(* For every $n>0$, there are finite alphabets $\Sigma_I,\Sigma_O$ and a language $L_n'\subseteq(\Sigma_I\times\Sigma_O)^\omega$ recognized by a finitary Büchi automaton with costs $\mathcal{A}_n'$ with $O(n)$ states such that: Player $O$ wins $\Gamma_f(L_n')$ for every delay function $f$; an optimal winning strategy for Player $O$ in $\Gamma_{f_{2^n}}(L_n')$ has cost $0$; and for every $k<2^n$, an optimal winning strategy for Player $O$ in $\Gamma_{f_k}(L_n')$ has cost $n$.
   Context: A parity automaton with costs is a tuple $\mathcal{A}=(Q,\Sigma,q_I,\delta,\Omega,\mathrm{Cst})$ with a finite set $Q$ of states, a finite alphabet $\Sigma$, an initial state $q_I$, a deterministic complete transition function $\delta\colon Q\times\Sigma\to Q$, a coloring $\Omega\colon Q\to\mathbb{N}$, and a cost function $\mathrm{Cst}$ assigning to every transition $(q,a,\delta(q,a))$ either $\epsilon$ or $\mathtt{i}$ (increment-transition). A finitary Büchi automaton is one in which every transition is an increment-transition and $\Omega(Q)=\{1,2\}$. The run on $a_0a_1\cdots$ is $(q_0,a_0,q_1)(q_1,a_1,q_2)\cdots$ with $q_0=q_I$, $q_{j+1}=\delta(q_j,a_j)$; the cost of a finite run is its number of increment-transitions. For odd $c$, $\mathrm{Ans}(c)=\{c'\in\Omega(Q)\mid c'>c,\ c'\text{ even}\}$. For an infinite run $\rho$ and $n$, $\mathrm{Cor}(\rho,n)=0$ if $\Omega(q_n)$ is even, and otherwise it is the minimal cost of $(q_n,a_n,q_{n+1})\cdots(q_{n'-1},a_{n'-1},q_{n'})$ over $n'>n$ with $\Omega(q_{n'})\in\mathrm{Ans}(\Omega(q_n))$ ($\min\emptyset=\infty$). The run is accepting if $\limsup_n\mathrm{Cor}(\rho,n)<\infty$; $L(\mathcal{A})$ is the set of infinite words whose run is accepting. A delay function is a map $f\colon\mathbb{N}\to\mathbb{N}\setminus\{0\}$; for $k\ge0$, $f_k$ denotes the delay function with $f_k(0)=k+1$ and $f_k(i)=1$ for $i>0$. For $L\subseteq(\Sigma_I\times\Sigma_O)^\omega$, the delay game $\Gamma_f(L)$ is played in rounds $i=0,1,2,\ldots$: in round $i$, Player $I$ picks $u_i\in\Sigma_I^{f(i)}$, then Player $O$ picks $v_i\in\Sigma_O$. Player $O$ wins the play if the outcome, i.e., the word over $\Sigma_I\times\Sigma_O$ pairing $u_0u_1u_2\cdots$ and $v_0v_1v_2\cdots$ letterwise, is in $L$. A strategy for Player $O$ is a map $\tau_O\colon\Sigma_I^*\to\Sigma_O$; a play is consistent with $\tau_O$ if $v_i=\tau_O(u_0\cdots u_i)$ for all $i$; $\tau_O$ is winning if every consistent play is won by Player $O$, and Player $O$ wins the game if she has a winning strategy. For a winning strategy $\tau_O$ in $\Gamma_f(L(\mathcal{A}))$, its cost is $\mathrm{Cst}_\mathcal{A}(\tau_O)=\sup_w\limsup_{n\to\infty}\mathrm{Cor}(\rho(w),n)$, where $w$ ranges over outcomes of plays consistent with $\tau_O$ and $\rho(w)$ is the run of $\mathcal{A}$ on $w$; a winning strategy is optimal if its cost is minimal among all winning strategies of Player $O$ in $\Gamma_f(L(\mathcal{A}))$. *)

theory Defs
  imports Main "HOL-Library.Extended_Nat" "HOL-Library.Liminf_Limsup"
begin

text \<open>The automaton is deterministic and
complete on its state set and alphabet; incr q a holds iff the transition
(q, a, trans q a) is an increment-transition (cost i), otherwise it has cost epsilon.\<close>

record ('q, 'a) pac =
  states :: "'q set"
  alph   :: "'a set"
  init   :: 'q
  trans  :: "'q \<Rightarrow> 'a \<Rightarrow> 'q"
  col    :: "'q \<Rightarrow> nat"
  incr   :: "'q \<Rightarrow> 'a \<Rightarrow> bool"

definition wf_pac :: "('q, 'a) pac \<Rightarrow> bool" where
  "wf_pac A \<longleftrightarrow> finite (states A) \<and> finite (alph A) \<and> init A \<in> states A \<and>
     (\<forall>q\<in>states A. \<forall>a\<in>alph A. trans A q a \<in> states A)"

definition finitary_buechi :: "('q, 'a) pac \<Rightarrow> bool" where
  "finitary_buechi A \<longleftrightarrow> wf_pac A \<and>
     (\<forall>q\<in>states A. \<forall>a\<in>alph A. incr A q a) \<and> col A ` states A = {1, 2}"

primrec run :: "('q, 'a) pac \<Rightarrow> (nat \<Rightarrow> 'a) \<Rightarrow> nat \<Rightarrow> 'q" where
  "run A w 0 = init A"
| "run A w (Suc j) = trans A (run A w j) (w j)"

-.-.-

__ASSIGNMENT__: Nothing should be dropped or changed, so repeat all of the entries exactly.

__RESPONSE__:
(* For every $n>0$, there are finite alphabets $\Sigma_I,\Sigma_O$ and a language $L_n'\subseteq(\Sigma_I\times\Sigma_O)^\omega$ recognized by a finitary Büchi automaton with costs $\mathcal{A}_n'$ with $O(n)$ states such that: Player $O$ wins $\Gamma_f(L_n')$ for every delay function $f$; an optimal winning strategy for Player $O$ in $\Gamma_{f_{2^n}}(L_n')$ has cost $0$; and for every $k<2^n$, an optimal winning strategy for Player $O$ in $\Gamma_{f_k}(L_n')$ has cost $n$.
   Context: A parity automaton with costs is a tuple $\mathcal{A}=(Q,\Sigma,q_I,\delta,\Omega,\mathrm{Cst})$ with a finite set $Q$ of states, a finite alphabet $\Sigma$, an initial state $q_I$, a deterministic complete transition function $\delta\colon Q\times\Sigma\to Q$, a coloring $\Omega\colon Q\to\mathbb{N}$, and a cost function $\mathrm{Cst}$ assigning to every transition $(q,a,\delta(q,a))$ either $\epsilon$ or $\mathtt{i}$ (increment-transition). A finitary Büchi automaton is one in which every transition is an increment-transition and $\Omega(Q)=\{1,2\}$. The run on $a_0a_1\cdots$ is $(q_0,a_0,q_1)(q_1,a_1,q_2)\cdots$ with $q_0=q_I$, $q_{j+1}=\delta(q_j,a_j)$; the cost of a finite run is its number of increment-transitions. For odd $c$, $\mathrm{Ans}(c)=\{c'\in\Omega(Q)\mid c'>c,\ c'\text{ even}\}$. For an infinite run $\rho$ and $n$, $\mathrm{Cor}(\rho,n)=0$ if $\Omega(q_n)$ is even, and otherwise it is the minimal cost of $(q_n,a_n,q_{n+1})\cdots(q_{n'-1},a_{n'-1},q_{n'})$ over $n'>n$ with $\Omega(q_{n'})\in\mathrm{Ans}(\Omega(q_n))$ ($\min\emptyset=\infty$). The run is accepting if $\limsup_n\mathrm{Cor}(\rho,n)<\infty$; $L(\mathcal{A})$ is the set of infinite words whose run is accepting. A delay function is a map $f\colon\mathbb{N}\to\mathbb{N}\setminus\{0\}$; for $k\ge0$, $f_k$ denotes the delay function with $f_k(0)=k+1$ and $f_k(i)=1$ for $i>0$. For $L\subseteq(\Sigma_I\times\Sigma_O)^\omega$, the delay game $\Gamma_f(L)$ is played in rounds $i=0,1,2,\ldots$: in round $i$, Player $I$ picks $u_i\in\Sigma_I^{f(i)}$, then Player $O$ picks $v_i\in\Sigma_O$. Player $O$ wins the play if the outcome, i.e., the word over $\Sigma_I\times\Sigma_O$ pairing $u_0u_1u_2\cdots$ and $v_0v_1v_2\cdots$ letterwise, is in $L$. A strategy for Player $O$ is a map $\tau_O\colon\Sigma_I^*\to\Sigma_O$; a play is consistent with $\tau_O$ if $v_i=\tau_O(u_0\cdots u_i)$ for all $i$; $\tau_O$ is winning if every consistent play is won by Player $O$, and Player $O$ wins the game if she has a winning strategy. For a winning strategy $\tau_O$ in $\Gamma_f(L(\mathcal{A}))$, its cost is $\mathrm{Cst}_\mathcal{A}(\tau_O)=\sup_w\limsup_{n\to\infty}\mathrm{Cor}(\rho(w),n)$, where $w$ ranges over outcomes of plays consistent with $\tau_O$ and $\rho(w)$ is the run of $\mathcal{A}$ on $w$; a winning strategy is optimal if its cost is minimal among all winning strategies of Player $O$ in $\Gamma_f(L(\mathcal{A}))$. *)

theory Defs
  imports Main "HOL-Library.Extended_Nat" "HOL-Library.Liminf_Limsup"
begin

text \<open>The automaton is deterministic and
complete on its state set and alphabet; incr q a holds iff the transition
(q, a, trans q a) is an increment-transition (cost i), otherwise it has cost epsilon.\<close>

record ('q, 'a) pac =
  states :: "'q set"
  alph   :: "'a set"
  init   :: 'q
  trans  :: "'q \<Rightarrow> 'a \<Rightarrow> 'q"
  col    :: "'q \<Rightarrow> nat"
  incr   :: "'q \<Rightarrow> 'a \<Rightarrow> bool"

definition wf_pac :: "('q, 'a) pac \<Rightarrow> bool" where
  "wf_pac A \<longleftrightarrow> finite (states A) \<and> finite (alph A) \<and> init A \<in> states A \<and>
     (\<forall>q\<in>states A. \<forall>a\<in>alph A. trans A q a \<in> states A)"

definition finitary_buechi :: "('q, 'a) pac \<Rightarrow> bool" where
  "finitary_buechi A \<longleftrightarrow> wf_pac A \<and>
     (\<forall>q\<in>states A. \<forall>a\<in>alph A. incr A q a) \<and> col A ` states A = {1, 2}"

primrec run :: "('q, 'a) pac \<Rightarrow> (nat \<Rightarrow> 'a) \<Rightarrow> nat \<Rightarrow> 'q" where
  "run A w 0 = init A"
| "run A w (Suc j) = trans A (run A w j) (w j)"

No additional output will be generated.